Clinicians are trained to practice evidence-based medicine, yet the realities of care often reveal its limits. In many situations, the literature does not offer clear guidance for the patient in front of us. A large share of clinical decisions are made without high-quality evidence. This is not a failure of clinical judgment. It reflects a gap in how evidence is generated and delivered.
The traditional path from study design to publication takes years. By the time results are available, patient populations and treatment patterns have already changed. Clinicians are left applying evidence that may not match the clinical context at hand. This is especially true for patients with multiple conditions or those not well represented in clinical trials.
Leveraging real-world data in clinical workflows
The challenge is not only finding existing evidence, but generating it when none exists. Advances in data and analytic methods now allow us to learn from large collections of real-world patient data. When used carefully, these data can help answer questions about patients similar to the one being treated. The goal is not to replace randomized trials, but to extend what they can answer.

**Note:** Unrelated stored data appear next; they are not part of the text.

lemma balanced_conj_mgenerate:
  assumes PM: "pointed_submonoid G M" and bal: "balanced G M d"
    and x: "x \<in> mgenerate G (Div G M d)"
  shows "d \<otimes> x \<otimes> inv d \<in> M" and "inv d \<otimes> x \<otimes> d \<in> M"
proof -
  have d: "d \<in> carrier G" using bal pointed_submonoid_subset[OF PM] by (auto simp: balanced_def)
  have S: "Div G M d \<subseteq> carrier G" using pointed_submonoid_subset[OF PM] by (auto simp: DivL_def)
  show "d \<otimes> x \<otimes> inv d \<in> M"
    by (rule mgenerate_hom_into[OF PM S _ _ balanced_conj_Div(1)[OF PM bal] x])
      (use d in \<open>simp_all add: m_assoc\<close>)
  show "inv d \<otimes> x \<otimes> d \<in> M"
    by (rule mgenerate_hom_into[OF PM S _ _ balanced_conj_Div(2)[OF PM bal] x])
      (use d in \<open>simp_all add: m_assoc\<close>)
qed

lemma glb_exists:
  "lattice_L G M \<Longrightarrow> x \<in> carrier G \<Longrightarrow> y \<in> carrier G \<Longrightarrow> \<exists>z. is_glbL G M x y z"
  by (simp add: lattice_L_def)

text \<open>The meet of \<open>b a\<close> and \<open>b d\<close> is \<open>b\<close>, since \<open>b\<^sup>-\<^sup>1\<close> times it divides
  both \<open>a\<close> and \<open>d\<close>; as \<open>d\<close> divides \<open>b d\<close>, it cannot also divide \<open>b a\<close>.\<close>
lemma not_leL_mult_leL_coprime:
  assumes PM: "pointed_submonoid G M" and lat: "lattice_L G M"
    and d: "d \<in> M" and b: "b \<in> M" and bconj: "inv d \<otimes> b \<otimes> d \<in> M" and nb: "\<not> leL G M d b"
    and a: "a \<in> M" and ared: "leL_coprime G M a d"
  shows "\<not> leL G M d (b \<otimes> a)"
proof
  assume da: "leL G M d (b \<otimes> a)"
  have dc: "d \<in> carrier G" and bc: "b \<in> carrier G" and ac: "a \<in> carrier G"
    using d b a pointed_submonoid_subset[OF PM] by auto
  obtain z where "is_glbL G M (b \<otimes> a) (b \<otimes> d) z" using glb_exists[OF lat] bc ac dc by blast
  then have zc: "z \<in> carrier G" and za: "leL G M z (b \<otimes> a)" and zd: "leL G M z (b \<otimes> d)"
    and zmax: "\<And>w. w \<in> carrier G \<Longrightarrow> leL G M w (b \<otimes> a) \<Longrightarrow> leL G M w (b \<otimes> d) \<Longrightarrow> leL G M w z"
    by (auto simp: is_glbL_def)
  have "leL G M d (b \<otimes> d)" using bconj dc bc by (simp add: leL_def m_assoc)
  then have dz: "leL G M d z" using zmax[OF dc da] by simp
  have "leL G M b z" using zmax bc a d ac dc by (simp add: leL_def)
  then have wM: "inv b \<otimes> z \<in> M" by (simp add: leL_def)
  have "leL G M (inv b \<otimes> z) a" "leL G M (inv b \<otimes> z) d"
    using za zd bc zc ac dc by (simp_all add: leL_def inv_mult_group m_assoc)
  then have "inv b \<otimes> z = \<one>" using ared wM by (simp add: leL_coprime_def)
  then have "z = b" using bc zc by (metis inv_closed inv_equality inv_inv)
  then show False using dz nb by simp
qed

lemma nat_pow_in_submonoid:
  assumes PM: "pointed_submonoid G M" and "D \<in> M"
  shows "D [^] (n::nat) \<in> M"
  by (induction n) (use assms pointed_submonoid_one[OF PM] pointed_submonoid_mult[OF PM] in auto)

lemma omega_prod_eq:
  assumes D: "D \<in> carrier G" and d: "d \<in> carrier G"
  shows "omega_prod G D d k = inv (d [^] k) \<otimes> D [^] k"
proof (induction k)
  case (Suc k)
  have "omega_prod G D d (Suc k)
      = inv (d [^] k) \<otimes> D [^] k \<otimes> (inv (D [^] k) \<otimes> (inv d \<otimes> D) \<otimes> D [^] k)"
    using Suc D d by (simp add: Phi_pow_def omega_def int_pow_neg_int int_pow_int)
  also have "\<dots> = inv (d \<otimes> d [^] k) \<otimes> (D [^] k \<otimes> D)"
    using D d nat_pow_Suc2[OF D, of k] by (simp add: m_assoc inv_mult_group)
  finally show ?case using nat_pow_Suc2[OF d, of k] by simp
qed simp

lemma omega_prod_Phi_pow_eq:
  assumes D: "D \<in> carrier G" and d: "d \<in> carrier G" and b: "b \<in> carrier G" and c: "c \<in> carrier G"
  shows "b \<otimes> omega_prod G D d k \<otimes> Phi_pow G D (- int k) c
    = b \<otimes> (inv (d [^] k) \<otimes> c \<otimes> D [^] k)"
  using assms by (simp add: omega_prod_eq Phi_pow_def int_pow_neg_int int_pow_int m_assoc)

lemma mult_pow_neg_mult_pow_neg_eq:
  assumes D: "D \<in> carrier G" and d: "d \<in> carrier G" and b: "b \<in> carrier G" and c: "c \<in> carrier G"
  shows "b \<otimes> d [^] (- int k) \<otimes> (c \<otimes> D [^] (- int p))
    = b \<otimes> (inv (d [^] k) \<otimes> c \<otimes> D [^] k) \<otimes> D [^] (- int k - int p)"
proof -
  have "D [^] (- int k - int p) = inv (D [^] (p + k))"
    using int_pow_neg_int[OF D, of "p + k"] by (simp add: algebra_simps)
  also have "\<dots> = inv (D [^] k) \<otimes> inv (D [^] p)"
    using D by (simp add: nat_pow_mult[symmetric] inv_mult_group)
  finally show ?thesis using assms by (simp add: int_pow_neg_int m_assoc)
qed

end

locale garside = group G for G :: "('a, 'b) monoid_scheme" (structure) +
  fixes M :: "'a set" and \<Delta> :: 'a
  assumes garside: "garside_structure G M \<Delta>"
begin

lemma pointed: "pointed_submonoid G M"
  and lattice: "lattice_L G M"
  and Delta_mem: "\<Delta> \<in> M"
  using garside by (auto simp: garside_structure_def balanced_def)

lemma M_subset_carrier: "M \<subseteq> carrier G"
  by (rule pointed_submonoid_subset[OF pointed])

lemma Delta_carrier: "\<Delta> \<in> carrier G"
  using Delta_mem M_subset_carrier by auto

lemma conj_Delta_mem: "x \<in> M \<Longrightarrow> \<Delta> \<otimes> x \<otimes> inv \<Delta> \<in> M"
  and conj_inv_Delta_mem: "x \<in> M \<Longrightarrow> inv \<Delta> \<otimes> x \<otimes> \<Delta> \<in> M"
  using balanced_conj_mgenerate[OF pointed, of \<Delta> x] garside
  by (auto simp: garside_structure_def)

lemma unmovable_pow_eq_le:
  assumes x: "unmovable G M \<Delta> x" and y: "unmovable G M \<Delta> y"
    and eq: "x \<otimes> \<Delta> [^] i = y \<otimes> \<Delta> [^] j" and ij: "i \<le> (j::int)"
  shows "x = y"
proof -
  have xM: "x \<in> M" and yM: "y \<in> M" and nx: "\<not> leL G M \<Delta> x"
    using x y by (auto simp: unmovable_def)
  have xc: "x \<in> carrier G" and yc: "y \<in> carrier G" using xM yM M_subset_carrier by auto
  obtain n where n: "j = int n + i" using ij by (metis add.commute zle_iff_zadd)
  have "x \<otimes> \<Delta> [^] i = (y \<otimes> \<Delta> [^] n) \<otimes> \<Delta> [^] i"
    using eq n Delta_carrier yc by (simp add: int_pow_mult int_pow_int m_assoc)
  then have xe: "x = y \<otimes> \<Delta> [^] n"
    using Delta_carrier xc yc by (metis int_pow_closed m_closed nat_pow_closed right_cancel)
  show ?thesis
  proof (cases n)
    case 0 then show ?thesis using xe yc by simp
  next
    case (Suc m)
    have "(inv \<Delta> \<otimes> y \<otimes> \<Delta>) \<otimes> \<Delta> [^] m \<in> M"
      using conj_inv_Delta_mem[OF yM] nat_pow_in_submonoid[OF pointed Delta_mem]
        pointed_submonoid_mult[OF pointed] by simp
    then have "leL G M \<Delta> x"
      unfolding xe Suc leL_def using Delta_carrier yc nat_pow_Suc2[OF Delta_carrier, of m]
      by (simp add: m_assoc)
    then show ?thesis using nx by simp
  qed
qed

lemma right_Delta_form_unique:
  assumes "right_Delta_form G M \<Delta> \<alpha> a p" and "right_Delta_form G M \<Delta> \<alpha> a' p'"
  shows "a = a'"
  using assms unmovable_pow_eq_le[of a a' p p'] unmovable_pow_eq_le[of a' a p' p]
  by (cases "p \<le> p'") (auto simp: right_Delta_form_def)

Bringing this capability into clinical workflows is a critical step. Embedding tools within the electronic health record (EHR) allows clinicians to ask questions and receive answers without leaving the care setting. This approach follows a familiar model in medicine, where experts help interpret complex information and translate it into clinical decisions, while being clear about limitations.
Closing representation gaps and accelerating research
The need for this shift is greatest for groups that have been underrepresented in research, including older adults, women, and racial and ethnic minorities. Relying only on trial data has left important gaps in how we care for these populations. Generating evidence from routine care offers a way to provide more precise and inclusive guidance, if done with attention to bias and data quality.
A faster cycle of evidence generation may also benefit life sciences. Earlier detection of safety signals and better understanding of which patients benefit most from therapies could improve both care and development. These gains depend on maintaining rigor in study design and clear reporting of results.
Earning trust and the role of artificial intelligence
Trust in this approach must be earned. Methods should be transparent, results should be reproducible, and uncertainty should be clearly communicated. The clinician remains central, both in asking the right question and in applying the answer.
Artificial intelligence (AI) should be viewed as a tool that reduces the effort required to generate and summarize evidence. It does not replace clinical judgment. Closing the evidence gap will require a system that can learn from care as it is delivered and return answers in time to matter. This moves precision medicine from an aspiration to a practical part of clinical care.
Saurabh Gombar is a physician executive.